• Data excerpts:
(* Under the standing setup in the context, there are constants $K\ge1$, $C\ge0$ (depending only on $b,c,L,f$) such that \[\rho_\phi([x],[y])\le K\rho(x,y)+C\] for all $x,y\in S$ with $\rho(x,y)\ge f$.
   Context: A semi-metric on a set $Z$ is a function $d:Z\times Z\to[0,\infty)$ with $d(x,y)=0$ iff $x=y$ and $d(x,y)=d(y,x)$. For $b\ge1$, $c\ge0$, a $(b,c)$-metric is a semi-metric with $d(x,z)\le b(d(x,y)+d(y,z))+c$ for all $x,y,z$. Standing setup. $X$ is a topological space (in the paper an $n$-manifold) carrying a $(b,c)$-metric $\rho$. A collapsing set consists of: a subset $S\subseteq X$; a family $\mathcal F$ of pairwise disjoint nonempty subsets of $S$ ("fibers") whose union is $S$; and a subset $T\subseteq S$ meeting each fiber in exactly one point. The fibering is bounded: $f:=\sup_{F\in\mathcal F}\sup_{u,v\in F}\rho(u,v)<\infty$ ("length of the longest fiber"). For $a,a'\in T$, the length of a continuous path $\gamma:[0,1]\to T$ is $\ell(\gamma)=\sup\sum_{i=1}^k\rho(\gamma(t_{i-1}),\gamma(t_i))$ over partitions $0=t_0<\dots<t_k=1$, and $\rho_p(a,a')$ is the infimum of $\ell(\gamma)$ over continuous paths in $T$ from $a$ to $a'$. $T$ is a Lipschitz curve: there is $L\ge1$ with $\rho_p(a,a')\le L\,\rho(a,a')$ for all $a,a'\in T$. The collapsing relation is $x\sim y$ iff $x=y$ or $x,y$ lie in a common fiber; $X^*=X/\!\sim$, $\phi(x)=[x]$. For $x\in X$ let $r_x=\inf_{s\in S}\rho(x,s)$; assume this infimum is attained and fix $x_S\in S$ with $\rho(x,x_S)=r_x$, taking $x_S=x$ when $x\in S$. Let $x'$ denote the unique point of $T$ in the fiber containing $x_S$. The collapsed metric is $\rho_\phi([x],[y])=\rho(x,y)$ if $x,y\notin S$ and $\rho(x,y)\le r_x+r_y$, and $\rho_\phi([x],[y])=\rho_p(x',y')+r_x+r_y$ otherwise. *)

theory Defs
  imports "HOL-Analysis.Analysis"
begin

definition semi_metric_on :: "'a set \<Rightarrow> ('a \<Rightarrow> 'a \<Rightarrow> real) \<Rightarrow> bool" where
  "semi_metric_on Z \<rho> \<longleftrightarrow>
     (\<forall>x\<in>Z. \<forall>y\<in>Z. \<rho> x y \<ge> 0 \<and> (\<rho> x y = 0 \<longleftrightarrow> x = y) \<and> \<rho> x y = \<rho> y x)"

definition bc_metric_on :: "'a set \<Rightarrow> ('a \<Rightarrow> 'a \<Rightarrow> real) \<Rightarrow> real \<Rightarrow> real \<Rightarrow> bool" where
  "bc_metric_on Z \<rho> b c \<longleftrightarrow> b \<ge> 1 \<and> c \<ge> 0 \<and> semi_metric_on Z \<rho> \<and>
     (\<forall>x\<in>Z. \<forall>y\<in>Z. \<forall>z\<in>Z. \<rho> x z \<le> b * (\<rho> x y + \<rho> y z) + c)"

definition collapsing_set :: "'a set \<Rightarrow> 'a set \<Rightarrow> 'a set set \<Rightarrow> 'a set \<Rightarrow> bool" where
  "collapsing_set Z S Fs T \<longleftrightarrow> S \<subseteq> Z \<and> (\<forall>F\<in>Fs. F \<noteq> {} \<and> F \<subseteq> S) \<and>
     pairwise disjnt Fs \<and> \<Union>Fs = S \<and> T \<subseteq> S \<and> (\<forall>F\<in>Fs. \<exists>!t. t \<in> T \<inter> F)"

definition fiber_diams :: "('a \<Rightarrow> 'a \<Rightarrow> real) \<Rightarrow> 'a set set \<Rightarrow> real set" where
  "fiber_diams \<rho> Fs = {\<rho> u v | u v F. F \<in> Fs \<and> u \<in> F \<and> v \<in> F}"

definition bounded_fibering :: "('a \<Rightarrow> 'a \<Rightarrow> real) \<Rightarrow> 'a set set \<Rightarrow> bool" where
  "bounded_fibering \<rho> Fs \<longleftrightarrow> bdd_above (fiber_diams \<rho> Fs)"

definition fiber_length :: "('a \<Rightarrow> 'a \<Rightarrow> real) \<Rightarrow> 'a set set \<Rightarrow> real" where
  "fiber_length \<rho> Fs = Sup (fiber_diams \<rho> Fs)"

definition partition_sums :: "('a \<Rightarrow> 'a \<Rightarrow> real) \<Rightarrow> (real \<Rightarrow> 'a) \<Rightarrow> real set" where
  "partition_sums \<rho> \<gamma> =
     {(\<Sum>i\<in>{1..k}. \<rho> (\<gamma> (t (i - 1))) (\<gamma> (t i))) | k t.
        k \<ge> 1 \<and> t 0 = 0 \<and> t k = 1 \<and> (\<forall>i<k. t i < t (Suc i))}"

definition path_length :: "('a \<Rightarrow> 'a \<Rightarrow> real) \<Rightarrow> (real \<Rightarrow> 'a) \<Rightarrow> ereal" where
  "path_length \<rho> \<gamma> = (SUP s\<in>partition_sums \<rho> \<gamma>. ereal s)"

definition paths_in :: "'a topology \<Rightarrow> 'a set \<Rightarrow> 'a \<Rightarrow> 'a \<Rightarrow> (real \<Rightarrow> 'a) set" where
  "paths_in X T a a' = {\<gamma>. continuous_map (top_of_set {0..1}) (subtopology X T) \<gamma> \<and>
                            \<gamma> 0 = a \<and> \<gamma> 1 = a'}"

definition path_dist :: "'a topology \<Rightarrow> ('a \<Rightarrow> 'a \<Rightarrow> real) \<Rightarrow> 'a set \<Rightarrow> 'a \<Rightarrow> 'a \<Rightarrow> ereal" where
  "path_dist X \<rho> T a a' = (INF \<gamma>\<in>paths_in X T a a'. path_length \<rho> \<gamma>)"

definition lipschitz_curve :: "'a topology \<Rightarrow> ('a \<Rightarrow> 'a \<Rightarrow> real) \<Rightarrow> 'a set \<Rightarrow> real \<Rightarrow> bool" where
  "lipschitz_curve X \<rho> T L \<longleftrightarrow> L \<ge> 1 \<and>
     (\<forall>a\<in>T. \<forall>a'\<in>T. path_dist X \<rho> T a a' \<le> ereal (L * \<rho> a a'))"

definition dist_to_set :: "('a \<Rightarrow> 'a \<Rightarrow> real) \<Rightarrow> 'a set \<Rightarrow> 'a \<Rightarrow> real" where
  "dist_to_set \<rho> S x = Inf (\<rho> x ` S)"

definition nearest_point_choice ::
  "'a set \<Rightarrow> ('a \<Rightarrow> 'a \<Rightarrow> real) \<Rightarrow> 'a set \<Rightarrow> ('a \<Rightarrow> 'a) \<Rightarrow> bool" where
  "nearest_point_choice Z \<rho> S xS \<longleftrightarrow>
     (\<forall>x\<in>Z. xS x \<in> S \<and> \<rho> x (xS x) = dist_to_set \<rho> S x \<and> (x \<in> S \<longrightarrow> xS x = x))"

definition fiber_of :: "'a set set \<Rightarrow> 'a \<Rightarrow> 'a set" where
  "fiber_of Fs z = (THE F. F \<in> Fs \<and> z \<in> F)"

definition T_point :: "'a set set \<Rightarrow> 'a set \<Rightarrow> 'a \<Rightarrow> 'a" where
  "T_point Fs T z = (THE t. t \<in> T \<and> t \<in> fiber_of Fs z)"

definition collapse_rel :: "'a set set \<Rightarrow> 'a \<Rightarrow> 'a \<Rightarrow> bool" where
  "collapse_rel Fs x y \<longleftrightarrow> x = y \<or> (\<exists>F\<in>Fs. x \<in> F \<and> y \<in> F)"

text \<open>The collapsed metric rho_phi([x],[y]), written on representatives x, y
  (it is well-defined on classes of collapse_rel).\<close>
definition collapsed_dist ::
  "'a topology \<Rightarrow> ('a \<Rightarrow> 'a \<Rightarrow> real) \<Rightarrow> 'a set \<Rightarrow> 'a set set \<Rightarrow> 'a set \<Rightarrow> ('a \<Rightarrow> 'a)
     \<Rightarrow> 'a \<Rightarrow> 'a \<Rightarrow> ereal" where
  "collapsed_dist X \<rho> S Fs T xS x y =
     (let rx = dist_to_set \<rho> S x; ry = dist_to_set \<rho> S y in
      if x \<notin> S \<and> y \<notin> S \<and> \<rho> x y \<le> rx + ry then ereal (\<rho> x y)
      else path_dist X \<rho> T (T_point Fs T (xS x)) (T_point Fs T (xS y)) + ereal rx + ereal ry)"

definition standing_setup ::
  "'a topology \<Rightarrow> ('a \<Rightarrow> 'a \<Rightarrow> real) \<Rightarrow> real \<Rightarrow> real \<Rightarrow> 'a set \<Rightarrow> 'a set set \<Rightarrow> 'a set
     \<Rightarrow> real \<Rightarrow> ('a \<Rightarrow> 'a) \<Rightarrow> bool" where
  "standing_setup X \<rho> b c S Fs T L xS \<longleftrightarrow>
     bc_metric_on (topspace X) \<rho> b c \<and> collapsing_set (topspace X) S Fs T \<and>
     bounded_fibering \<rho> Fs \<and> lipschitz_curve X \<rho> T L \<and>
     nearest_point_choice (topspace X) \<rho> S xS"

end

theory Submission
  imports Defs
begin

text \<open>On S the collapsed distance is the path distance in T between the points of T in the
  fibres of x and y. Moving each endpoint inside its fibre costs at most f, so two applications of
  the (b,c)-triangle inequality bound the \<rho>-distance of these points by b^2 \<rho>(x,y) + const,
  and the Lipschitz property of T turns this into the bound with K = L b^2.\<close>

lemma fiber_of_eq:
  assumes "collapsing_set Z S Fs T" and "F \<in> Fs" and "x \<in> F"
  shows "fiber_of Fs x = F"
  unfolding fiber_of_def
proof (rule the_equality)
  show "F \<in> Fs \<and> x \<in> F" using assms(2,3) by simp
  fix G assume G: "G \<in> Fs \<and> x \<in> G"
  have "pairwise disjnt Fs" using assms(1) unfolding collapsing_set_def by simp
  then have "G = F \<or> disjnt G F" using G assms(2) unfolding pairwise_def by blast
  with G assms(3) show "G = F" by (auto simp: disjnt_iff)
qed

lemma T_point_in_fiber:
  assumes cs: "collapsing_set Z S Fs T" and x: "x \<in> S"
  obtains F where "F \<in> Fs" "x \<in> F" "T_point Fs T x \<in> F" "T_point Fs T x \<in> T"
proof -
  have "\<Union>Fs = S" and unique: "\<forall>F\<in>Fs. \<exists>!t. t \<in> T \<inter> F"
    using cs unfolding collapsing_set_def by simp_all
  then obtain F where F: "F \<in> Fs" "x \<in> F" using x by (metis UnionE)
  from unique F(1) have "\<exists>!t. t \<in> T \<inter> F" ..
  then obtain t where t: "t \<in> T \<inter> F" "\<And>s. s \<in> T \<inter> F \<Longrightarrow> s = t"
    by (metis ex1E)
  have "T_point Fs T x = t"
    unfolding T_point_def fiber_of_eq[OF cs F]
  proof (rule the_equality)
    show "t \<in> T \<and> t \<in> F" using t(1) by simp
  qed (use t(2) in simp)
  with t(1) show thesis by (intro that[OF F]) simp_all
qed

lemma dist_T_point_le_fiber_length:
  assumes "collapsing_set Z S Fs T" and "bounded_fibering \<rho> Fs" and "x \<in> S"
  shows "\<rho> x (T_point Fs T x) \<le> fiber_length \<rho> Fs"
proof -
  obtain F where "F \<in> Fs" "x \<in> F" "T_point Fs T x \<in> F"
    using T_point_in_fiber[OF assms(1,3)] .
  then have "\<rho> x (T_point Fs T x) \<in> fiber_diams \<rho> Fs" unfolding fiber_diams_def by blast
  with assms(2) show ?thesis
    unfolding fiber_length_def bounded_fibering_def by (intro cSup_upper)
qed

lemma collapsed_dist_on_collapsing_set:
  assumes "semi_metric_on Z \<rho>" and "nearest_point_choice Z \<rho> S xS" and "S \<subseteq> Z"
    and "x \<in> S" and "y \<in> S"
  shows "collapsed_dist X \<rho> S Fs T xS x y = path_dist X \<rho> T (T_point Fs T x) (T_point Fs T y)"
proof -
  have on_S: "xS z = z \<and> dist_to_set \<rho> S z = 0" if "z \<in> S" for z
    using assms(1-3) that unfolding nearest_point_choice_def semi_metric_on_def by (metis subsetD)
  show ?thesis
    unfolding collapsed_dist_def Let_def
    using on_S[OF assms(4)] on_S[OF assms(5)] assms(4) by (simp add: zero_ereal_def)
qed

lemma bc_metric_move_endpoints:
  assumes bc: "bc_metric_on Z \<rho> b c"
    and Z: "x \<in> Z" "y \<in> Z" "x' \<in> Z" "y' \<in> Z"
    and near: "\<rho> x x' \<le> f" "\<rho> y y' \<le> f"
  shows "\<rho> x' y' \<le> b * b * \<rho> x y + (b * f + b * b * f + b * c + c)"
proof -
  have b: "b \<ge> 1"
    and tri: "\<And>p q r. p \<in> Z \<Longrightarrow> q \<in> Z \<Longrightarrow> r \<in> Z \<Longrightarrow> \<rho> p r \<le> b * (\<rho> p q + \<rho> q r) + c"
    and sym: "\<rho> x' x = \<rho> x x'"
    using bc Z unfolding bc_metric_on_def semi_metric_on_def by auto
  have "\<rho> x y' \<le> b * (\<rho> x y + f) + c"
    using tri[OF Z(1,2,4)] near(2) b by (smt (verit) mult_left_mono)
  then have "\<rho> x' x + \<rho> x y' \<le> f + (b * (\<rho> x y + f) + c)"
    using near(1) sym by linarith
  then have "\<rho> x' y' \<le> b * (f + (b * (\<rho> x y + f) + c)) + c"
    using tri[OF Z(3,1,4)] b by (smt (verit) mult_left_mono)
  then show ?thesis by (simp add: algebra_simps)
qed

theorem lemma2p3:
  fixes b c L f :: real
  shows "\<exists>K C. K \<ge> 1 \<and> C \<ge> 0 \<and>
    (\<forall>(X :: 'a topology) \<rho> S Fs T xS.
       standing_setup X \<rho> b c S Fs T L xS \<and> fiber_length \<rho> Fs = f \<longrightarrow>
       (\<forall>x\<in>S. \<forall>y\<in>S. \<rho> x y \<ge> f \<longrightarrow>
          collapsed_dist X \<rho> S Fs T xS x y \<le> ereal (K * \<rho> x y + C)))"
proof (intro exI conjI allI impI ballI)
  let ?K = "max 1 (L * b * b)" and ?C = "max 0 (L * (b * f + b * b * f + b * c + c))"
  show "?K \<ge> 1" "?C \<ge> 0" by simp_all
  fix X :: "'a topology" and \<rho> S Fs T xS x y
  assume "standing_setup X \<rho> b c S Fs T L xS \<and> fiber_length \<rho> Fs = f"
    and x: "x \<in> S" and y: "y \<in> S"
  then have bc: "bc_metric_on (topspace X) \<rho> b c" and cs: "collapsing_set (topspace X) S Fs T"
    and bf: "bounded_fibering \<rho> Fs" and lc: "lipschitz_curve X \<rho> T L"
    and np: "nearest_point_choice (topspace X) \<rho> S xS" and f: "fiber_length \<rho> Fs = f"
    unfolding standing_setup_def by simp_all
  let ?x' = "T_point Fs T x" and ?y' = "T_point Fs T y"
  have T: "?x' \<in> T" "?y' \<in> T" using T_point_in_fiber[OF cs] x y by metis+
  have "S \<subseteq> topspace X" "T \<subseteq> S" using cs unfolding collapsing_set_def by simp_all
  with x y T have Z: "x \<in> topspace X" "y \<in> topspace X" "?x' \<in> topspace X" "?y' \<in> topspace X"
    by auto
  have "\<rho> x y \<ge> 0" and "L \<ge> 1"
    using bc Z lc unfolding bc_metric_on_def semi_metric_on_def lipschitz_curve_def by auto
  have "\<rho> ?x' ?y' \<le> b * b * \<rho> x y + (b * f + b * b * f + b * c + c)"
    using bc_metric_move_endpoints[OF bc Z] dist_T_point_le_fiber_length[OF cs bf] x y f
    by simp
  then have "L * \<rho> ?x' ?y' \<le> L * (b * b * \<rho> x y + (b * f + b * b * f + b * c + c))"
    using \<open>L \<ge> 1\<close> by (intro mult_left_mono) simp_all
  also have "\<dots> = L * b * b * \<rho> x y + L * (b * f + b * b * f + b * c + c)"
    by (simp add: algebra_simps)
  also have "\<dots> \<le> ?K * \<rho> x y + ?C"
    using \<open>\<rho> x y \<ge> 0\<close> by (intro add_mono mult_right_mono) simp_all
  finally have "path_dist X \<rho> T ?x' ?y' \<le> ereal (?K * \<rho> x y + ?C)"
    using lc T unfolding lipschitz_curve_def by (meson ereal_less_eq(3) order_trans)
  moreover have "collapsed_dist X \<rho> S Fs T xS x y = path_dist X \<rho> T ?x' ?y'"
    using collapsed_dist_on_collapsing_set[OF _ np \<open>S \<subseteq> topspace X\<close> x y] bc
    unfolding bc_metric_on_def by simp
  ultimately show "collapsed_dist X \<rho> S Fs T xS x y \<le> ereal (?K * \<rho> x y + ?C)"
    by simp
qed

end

--

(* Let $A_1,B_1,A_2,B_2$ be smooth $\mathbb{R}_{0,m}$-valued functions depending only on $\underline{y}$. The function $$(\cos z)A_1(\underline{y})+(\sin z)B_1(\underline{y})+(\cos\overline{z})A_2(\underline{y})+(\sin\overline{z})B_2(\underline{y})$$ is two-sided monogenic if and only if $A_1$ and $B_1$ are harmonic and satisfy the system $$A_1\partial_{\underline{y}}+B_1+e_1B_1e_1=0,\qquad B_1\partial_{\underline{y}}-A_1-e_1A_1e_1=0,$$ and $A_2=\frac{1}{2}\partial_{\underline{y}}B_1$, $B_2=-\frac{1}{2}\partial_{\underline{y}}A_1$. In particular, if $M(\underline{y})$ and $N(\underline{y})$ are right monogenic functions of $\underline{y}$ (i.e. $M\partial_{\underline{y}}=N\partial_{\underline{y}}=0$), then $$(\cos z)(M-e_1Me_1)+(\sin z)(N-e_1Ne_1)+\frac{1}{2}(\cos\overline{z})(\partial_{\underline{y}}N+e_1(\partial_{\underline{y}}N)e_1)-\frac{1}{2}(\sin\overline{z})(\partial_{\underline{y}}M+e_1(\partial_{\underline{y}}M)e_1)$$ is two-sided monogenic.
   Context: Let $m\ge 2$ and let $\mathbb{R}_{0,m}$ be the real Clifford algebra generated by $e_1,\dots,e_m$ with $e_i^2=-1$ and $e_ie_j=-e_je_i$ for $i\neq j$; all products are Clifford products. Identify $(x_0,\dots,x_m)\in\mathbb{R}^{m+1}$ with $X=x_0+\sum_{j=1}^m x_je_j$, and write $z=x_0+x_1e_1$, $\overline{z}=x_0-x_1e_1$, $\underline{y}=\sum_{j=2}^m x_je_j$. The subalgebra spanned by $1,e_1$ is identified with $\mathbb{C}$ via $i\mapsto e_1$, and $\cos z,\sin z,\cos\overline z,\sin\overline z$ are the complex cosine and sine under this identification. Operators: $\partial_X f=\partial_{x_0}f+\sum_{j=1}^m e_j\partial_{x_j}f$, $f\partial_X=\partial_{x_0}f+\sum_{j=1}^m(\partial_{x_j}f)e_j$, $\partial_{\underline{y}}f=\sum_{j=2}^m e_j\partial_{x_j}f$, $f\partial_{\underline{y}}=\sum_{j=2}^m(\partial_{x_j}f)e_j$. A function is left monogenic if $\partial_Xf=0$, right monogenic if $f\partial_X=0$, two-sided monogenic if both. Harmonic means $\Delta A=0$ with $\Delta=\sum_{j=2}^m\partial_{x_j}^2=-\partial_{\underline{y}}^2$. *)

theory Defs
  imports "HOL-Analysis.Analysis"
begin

--

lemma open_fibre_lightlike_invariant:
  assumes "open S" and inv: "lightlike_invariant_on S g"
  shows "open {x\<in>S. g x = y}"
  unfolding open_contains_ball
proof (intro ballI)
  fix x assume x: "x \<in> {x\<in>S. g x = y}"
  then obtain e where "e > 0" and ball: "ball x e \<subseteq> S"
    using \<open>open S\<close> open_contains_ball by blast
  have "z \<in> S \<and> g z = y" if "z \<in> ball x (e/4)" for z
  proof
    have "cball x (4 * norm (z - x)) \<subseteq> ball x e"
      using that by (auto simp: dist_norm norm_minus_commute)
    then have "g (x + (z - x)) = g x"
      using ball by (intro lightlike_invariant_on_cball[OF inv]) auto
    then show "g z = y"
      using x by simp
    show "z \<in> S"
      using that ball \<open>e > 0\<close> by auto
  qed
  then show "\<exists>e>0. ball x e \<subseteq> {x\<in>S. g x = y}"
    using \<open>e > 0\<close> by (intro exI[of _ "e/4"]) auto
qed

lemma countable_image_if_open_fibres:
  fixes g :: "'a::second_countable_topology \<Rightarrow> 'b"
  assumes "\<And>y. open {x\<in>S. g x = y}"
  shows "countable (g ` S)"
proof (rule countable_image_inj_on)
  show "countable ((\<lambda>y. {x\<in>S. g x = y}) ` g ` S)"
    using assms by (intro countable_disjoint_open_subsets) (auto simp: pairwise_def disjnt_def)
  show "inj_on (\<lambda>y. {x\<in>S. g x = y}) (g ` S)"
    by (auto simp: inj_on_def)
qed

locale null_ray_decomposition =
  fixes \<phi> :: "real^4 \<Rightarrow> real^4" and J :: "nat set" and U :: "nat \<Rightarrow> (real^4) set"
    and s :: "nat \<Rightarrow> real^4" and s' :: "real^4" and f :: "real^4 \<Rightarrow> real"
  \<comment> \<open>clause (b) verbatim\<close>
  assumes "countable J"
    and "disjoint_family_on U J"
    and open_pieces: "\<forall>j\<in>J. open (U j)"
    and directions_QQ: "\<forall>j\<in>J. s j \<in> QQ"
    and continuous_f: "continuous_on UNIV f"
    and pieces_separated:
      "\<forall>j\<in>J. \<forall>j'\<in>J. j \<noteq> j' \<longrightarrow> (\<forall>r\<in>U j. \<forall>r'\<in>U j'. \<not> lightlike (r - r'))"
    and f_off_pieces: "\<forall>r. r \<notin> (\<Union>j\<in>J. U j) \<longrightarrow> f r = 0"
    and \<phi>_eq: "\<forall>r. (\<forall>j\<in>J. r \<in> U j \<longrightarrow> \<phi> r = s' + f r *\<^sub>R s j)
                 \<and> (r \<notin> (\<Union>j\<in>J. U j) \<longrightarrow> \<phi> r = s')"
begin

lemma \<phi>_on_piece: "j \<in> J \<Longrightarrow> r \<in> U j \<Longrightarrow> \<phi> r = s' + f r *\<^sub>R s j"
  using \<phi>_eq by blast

• EXERCISE DESCRIPTION: Above are the records. Copy the lines beginning at the one that has "real \<Rightarrow> 'a set" and ending with the one that has "fibres of x", unchanged.

• PROBLEM SOLUTION:
  "'a topology \<Rightarrow> ('a \<Rightarrow> 'a \<Rightarrow> real) \<Rightarrow> real \<Rightarrow> real \<Rightarrow> 'a set \<Rightarrow> 'a set set \<Rightarrow> 'a set
     \<Rightarrow> real \<Rightarrow> ('a \<Rightarrow> 'a) \<Rightarrow> bool" where
  "standing_setup X \<rho> b c S Fs T L xS \<longleftrightarrow>
     bc_metric_on (topspace X) \<rho> b c \<and> collapsing_set (topspace X) S Fs T \<and>
     bounded_fibering \<rho> Fs \<and> lipschitz_curve X \<rho> T L \<and>
     nearest_point_choice (topspace X) \<rho> S xS"

end

theory Submission
  imports Defs
begin

text \<open>On S the collapsed distance is the path distance in T between the points of T in the
  fibres of x and y. Moving each endpoint inside its fibre costs at most f, so two applications of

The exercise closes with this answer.